My thoughts initially turned to pure inequality as the key, but when you look at the latest GINI indexes there is not as strong a correlation between happiness and more equal societies as I would have assumed. Of the ten most equal countries, only Sweden and Finland are in the OECD’s top ten happiest, the biggest outlier is the Ukraine - #5 most equal, #132 in the Happiness Report, the lowest ranked of any European country.
The indicator that seems to be the closest fit is the Human Development Index (HDI). The countries with the lowest differences in Income, Education and Health when inequality is taken into account correlate closely with the happiest. Having been through the health scare I mentioned earlier, I can attest that access to free at the point of delivery healthcare has been crucial to both my survival and my own ongoing happiness.
The other thing the top ten happiest countries have in common is they all have quite small populations (which would seem to be the differentiator for Germany, #16 in Happiness and #6 in HDI) and stable economies and politics (which might do it for Ireland, hit so hard by the Great Recession of 2008, #15 in Happiness and #9 in HDI). The happiest places to be appear to be cozy places to be: safe; prosperous; educated; tolerant and healthy; smallish with generally equal and well-regulated societies. Oh, and they have good safety nets too.

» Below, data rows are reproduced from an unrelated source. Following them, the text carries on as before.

(* Let $\mathbf{k}$ be a commutative ring, $n\ge0$, $\mathcal{A}=\mathbf{k}[S_n]$. Fix $\alpha,\beta\in\operatorname{Comp}_n$ and let $\eta_\beta(\alpha)$ be the number of functions $f:[\ell(\beta)]\to[\ell(\alpha)]$ such that for every $j\in[\ell(\alpha)]$ one has $\alpha_j=\sum_{i\in f^{-1}(j)}\beta_i$. Let $Q_\beta:=\sum_{\alpha'\in\operatorname{Comp}_n,\ \alpha'\prec\beta}\mathcal{R}_{\alpha'}$. Then left multiplication by $\mathbf{B}_\alpha$ acts on the quotient $\mathcal{R}_\beta/Q_\beta$ as multiplication by the scalar $\eta_\beta(\alpha)$.
   Context: $S_n$ is the symmetric group on $[n]=\{1,\dots,n\}$, with product $(uw)(i)=u(w(i))$. For $w\in S_n$, $\operatorname{Des}(w)=\{i\in[n-1]: w(i)>w(i+1)\}$. For $I\subseteq[n-1]$, $\mathbf{B}_I=\sum_{w\in S_n,\ \operatorname{Des}(w)\subseteq I} w\in\mathcal{A}$. A composition $\alpha=(\alpha_1,\dots,\alpha_p)$ of $n$ is a finite sequence of positive integers with sum $n$; its length is $\ell(\alpha)=p$; $\operatorname{Comp}_n$ is the set of these. $\operatorname{Set}(\alpha)=\{\alpha_1,\alpha_1+\alpha_2,\dots,\alpha_1+\cdots+\alpha_{p-1}\}$ and $\mathbf{B}_\alpha:=\mathbf{B}_{\operatorname{Set}(\alpha)}$. For compositions $\alpha=(\alpha_1,\dots,\alpha_m)$, $\beta=(\beta_1,\dots,\beta_p)$ of $n$, $\alpha\preceq\beta$ means $\alpha$ can be split into $p$ contiguous subsequences whose $j$-th one sums to $\beta_j$; $\alpha\prec\beta$ means $\alpha\preceq\beta$ and $\alpha\ne\beta$. $\mathcal{R}_\beta:=\mathbf{B}_\beta\mathcal{A}$. *)

theory Defs
  imports "HOL-Combinatorics.Permutations" "HOL-Library.FuncSet"
begin
text \<open>A linear map sending the forms \<open>g d\<close> to the variables \<open>x\<^sub>d\<close> extends to a
  substitution which is a left inverse of \<open>mpoly_subst g\<close>.\<close>
lemma linear_forms_algebraically_independent:
  fixes g :: "'d \<Rightarrow> ('v, 'k::field) mpoly" and p :: "('d, 'k) mpoly"
  assumes linear_forms: "\<And>d m. m \<in> Poly_Mapping.keys (g d) \<Longrightarrow> \<exists>v. m = Poly_Mapping.single v 1"
    and independent: "\<And>T c. finite T \<Longrightarrow> (\<Sum>d\<in>T. mpoly_const (c d) * g d) = 0 \<Longrightarrow> \<forall>d\<in>T. c d = 0"
    and "p \<noteq> 0"
  shows "mpoly_subst g p \<noteq> 0"
proof -
  interpret vs: vector_space "mpoly_smult :: 'k \<Rightarrow> ('v, 'k) mpoly \<Rightarrow> _"
    by (rule vector_space_mpoly_smult)
  interpret vector_space_pair "mpoly_smult :: 'k \<Rightarrow> ('v, 'k) mpoly \<Rightarrow> _"
    "mpoly_smult :: 'k \<Rightarrow> ('d, 'k) mpoly \<Rightarrow> _"
    by (rule vector_space_pair_mpoly_smult)
  have inj: "inj g"
  proof (rule injI, rule ccontr)
    fix d1 d2 assume "g d1 = g d2" "d1 \<noteq> d2"
    then have "(\<Sum>d\<in>{d1, d2}. mpoly_const (if d = d1 then 1 else -1) * g d) = 0"
      by (simp add: mpoly_const_def single_uminus)
    from independent[OF _ this] show False by simp
  qed
  have "vs.independent (range g)"
    unfolding vs.independent_explicit_finite_subsets
  proof (intro allI impI ballI)
    fix S u w assume S: "S \<subseteq> range g" "finite S" and "(\<Sum>v\<in>S. mpoly_smult (u v) v) = 0" "w \<in> S"
    obtain T where T: "S = g ` T" "inj_on g T"
      using subset_image_inj[THEN iffD1, OF S(1)] by blast
    with S(2) have "finite T" by (simp add: finite_image_iff)
    have "(\<Sum>d\<in>T. mpoly_const (u (g d)) * g d) = 0"
      using sum.reindex[OF T(2), of "\<lambda>v. mpoly_smult (u v) v"] T(1)
        \<open>(\<Sum>v\<in>S. mpoly_smult (u v) v) = 0\<close> by (simp add: mpoly_smult_def)
    then have "\<forall>d\<in>T. u (g d) = 0" by (rule independent[OF \<open>finite T\<close>])
    with T(1) \<open>w \<in> S\<close> show "u w = 0" by blast
  qed
  then obtain \<psi> :: "('v, 'k) mpoly \<Rightarrow> ('d, 'k) mpoly"
    where linear: "Vector_Spaces.linear mpoly_smult mpoly_smult \<psi>" and "\<forall>x\<in>range g. \<psi> x = var (inv g x)"
    using linear_independent_extend[of "range g" "\<lambda>x. var (inv g x)"] by blast
  with inj have \<psi>_g: "\<psi> (g d) = var d" for d by simp
  have "mpoly_subst (\<lambda>v. \<psi> (var v)) (mpoly_subst g p) = p"
    by (simp add: mpoly_subst_compose mpoly_subst_linear_form[OF linear linear_forms] \<psi>_g
        mpoly_subst_var_id)
  with \<open>p \<noteq> 0\<close> show ?thesis by auto
qed

section \<open>Arithmetic in \<open>M\<^sub>I\<^sub>,\<^sub>\<Lambda>\<close>\<close>

lemma lookup_tscale: "Poly_Mapping.lookup (tscale u r) i = Poly_Mapping.lookup u i * r"
  by (simp add: tscale_def Poly_Mapping.map.rep_eq when_def)

lemma tscale_eq_0_iff:
  fixes u :: "'i \<Rightarrow>\<^sub>0 ('v, 'k::idom) mpoly"
  shows "tscale u r = 0 \<longleftrightarrow> u = 0 \<or> r = 0"
proof -
  have "tscale u r = 0 \<longleftrightarrow> (\<forall>i. Poly_Mapping.lookup u i * r = 0)"
    by (metis lookup_tscale lookup_zero poly_mapping_eqI)
  then show ?thesis
    by (metis lookup_zero mpoly_mult_eq_0_iff poly_mapping_eqI)
qed

lemma fst_kscale: "fst (kscale c x) = mpoly_const c * fst x"
  using mult_map_scale_conv_mult[of c "fst x"] by (simp add: kscale_def mpoly_const_def)

lemma lookup_snd_kscale:
  "Poly_Mapping.lookup (snd (kscale c x)) i = mpoly_const c * Poly_Mapping.lookup (snd x) i"
  by (simp add: kscale_def Poly_Mapping.map.rep_eq when_def mpoly_const_def mult_map_scale_conv_mult)

lemma fst_mprod [simp]: "fst (x \<circ>\<^sub>M y) = 0"
  by (simp add: mprod_def)
definition envy_cycle :: "nat \<Rightarrow> (nat \<Rightarrow> nat \<Rightarrow> real) \<Rightarrow> (nat \<Rightarrow> nat set) \<Rightarrow> nat list \<Rightarrow> bool" where
  "envy_cycle n c B cyc \<longleftrightarrow> cyc \<noteq> [] \<and> distinct cyc \<and> set cyc \<subseteq> {..<n} \<and>
     (\<forall>t<length cyc. envies c B (cyc ! t) (cyc ! ((t + 1) mod length cyc)))"

text \<open>Rotating bundles along the cycle: each agent on it receives the bundle she envied.\<close>
definition rotate_along :: "nat list \<Rightarrow> (nat \<Rightarrow> nat set) \<Rightarrow> (nat \<Rightarrow> nat set)" where
  "rotate_along cyc B = (\<lambda>a. if a \<in> set cyc
       then B (cyc ! (((THE t. t < length cyc \<and> cyc ! t = a) + 1) mod length cyc))
       else B a)"

text \<open>Reachable states of AlgChores: alg_state n m c r B means that after handling
  chores 0..<r (possibly in the middle of the cycle-elimination loop) the allocation is B.
  A new chore is only added once no envy cycle remains (the while loop has terminated),
  and it goes to an agent who envies no other agent.  Choices are arbitrary.\<close>
inductive alg_state :: "nat \<Rightarrow> nat \<Rightarrow> (nat \<Rightarrow> nat \<Rightarrow> real) \<Rightarrow> nat \<Rightarrow> (nat \<Rightarrow> nat set) \<Rightarrow> bool"
  for n m c where
  init: "alg_state n m c 0 (\<lambda>_. {})"
| add: "\<lbrakk> alg_state n m c r B; r < m; \<not> (\<exists>cyc. envy_cycle n c B cyc); i < n;
          \<forall>j<n. \<not> envies c B i j \<rbrakk>
        \<Longrightarrow> alg_state n m c (Suc r) (B(i := insert r (B i)))"
| rot: "\<lbrakk> alg_state n m c r B; envy_cycle n c B cyc \<rbrakk>
        \<Longrightarrow> alg_state n m c r (rotate_along cyc B)"

definition algchores_output :: "nat \<Rightarrow> nat \<Rightarrow> (nat \<Rightarrow> nat \<Rightarrow> real) \<Rightarrow> (nat \<Rightarrow> nat set) \<Rightarrow> bool" where
  "algchores_output n m c B \<longleftrightarrow> alg_state n m c m B \<and> \<not> (\<exists>cyc. envy_cycle n c B cyc)"

end

theory Submission
  imports Defs
begin

(*
  The bound holds in every reachable state of AlgChores, by induction over the run. Rotating
  along an envy cycle keeps the bundles a partition of the chores handled so far and only
  lowers the disvalue of the agents on the cycle. When chore r (the (r+1)-st most costly)
  is given to agent i, she envies nobody, so B_i is her cheapest bundle. Two price vectors
  bound APS_i from below: prices proportional to c_i give c_i(M) <= n APS_i, and price 1 on
  the chores 0..r, doubled on the first 2n - r of them, gives APS_i >= 3 c_i(r) or
  (if r < 2n) APS_i >= c_i(2n-r-1) + c_i(r). In the first case
  n c_i(B_i) + c_i(r) <= c_i(M) <= n APS_i together with 3 c_i(r) <= APS_i yields the
  factor (4n-1)/(3n). In the second case only r < 2n chores are allocated, so by pigeonhole
  some bundle is empty or a single chore no more costly than chore 2n-r-1, and
  c_i(B_i) + c_i(r) <= APS_i. For r < n some bundle is empty, so c_i(B_i) = 0.
*)

lemma cost_nonneg: "(\<And>e. e \<in> S \<Longrightarrow> 0 \<le> v e) \<Longrightarrow> 0 \<le> cost v S"
  unfolding cost_def by (rule sum_nonneg)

So, if I were to make a resolution in 2018 it would be this: Ask our Governments and representatives to start being more like Bhutan and look at Gross National Happiness across the entire population as a key societal indicator to sit alongside GDP. Happiness is happiness regardless of wealth. Let’s see how we can increase people’s feelings of safety across our society. Let’s work on tolerance and diversity and let’s make sure that no one falls through the cracks because of a lack of access to affordable healthcare or education. In the words of the late great UK comedians Morecambe and Wise: “In this world where we live there should be more happiness…” That’s not a bad wish for the new year.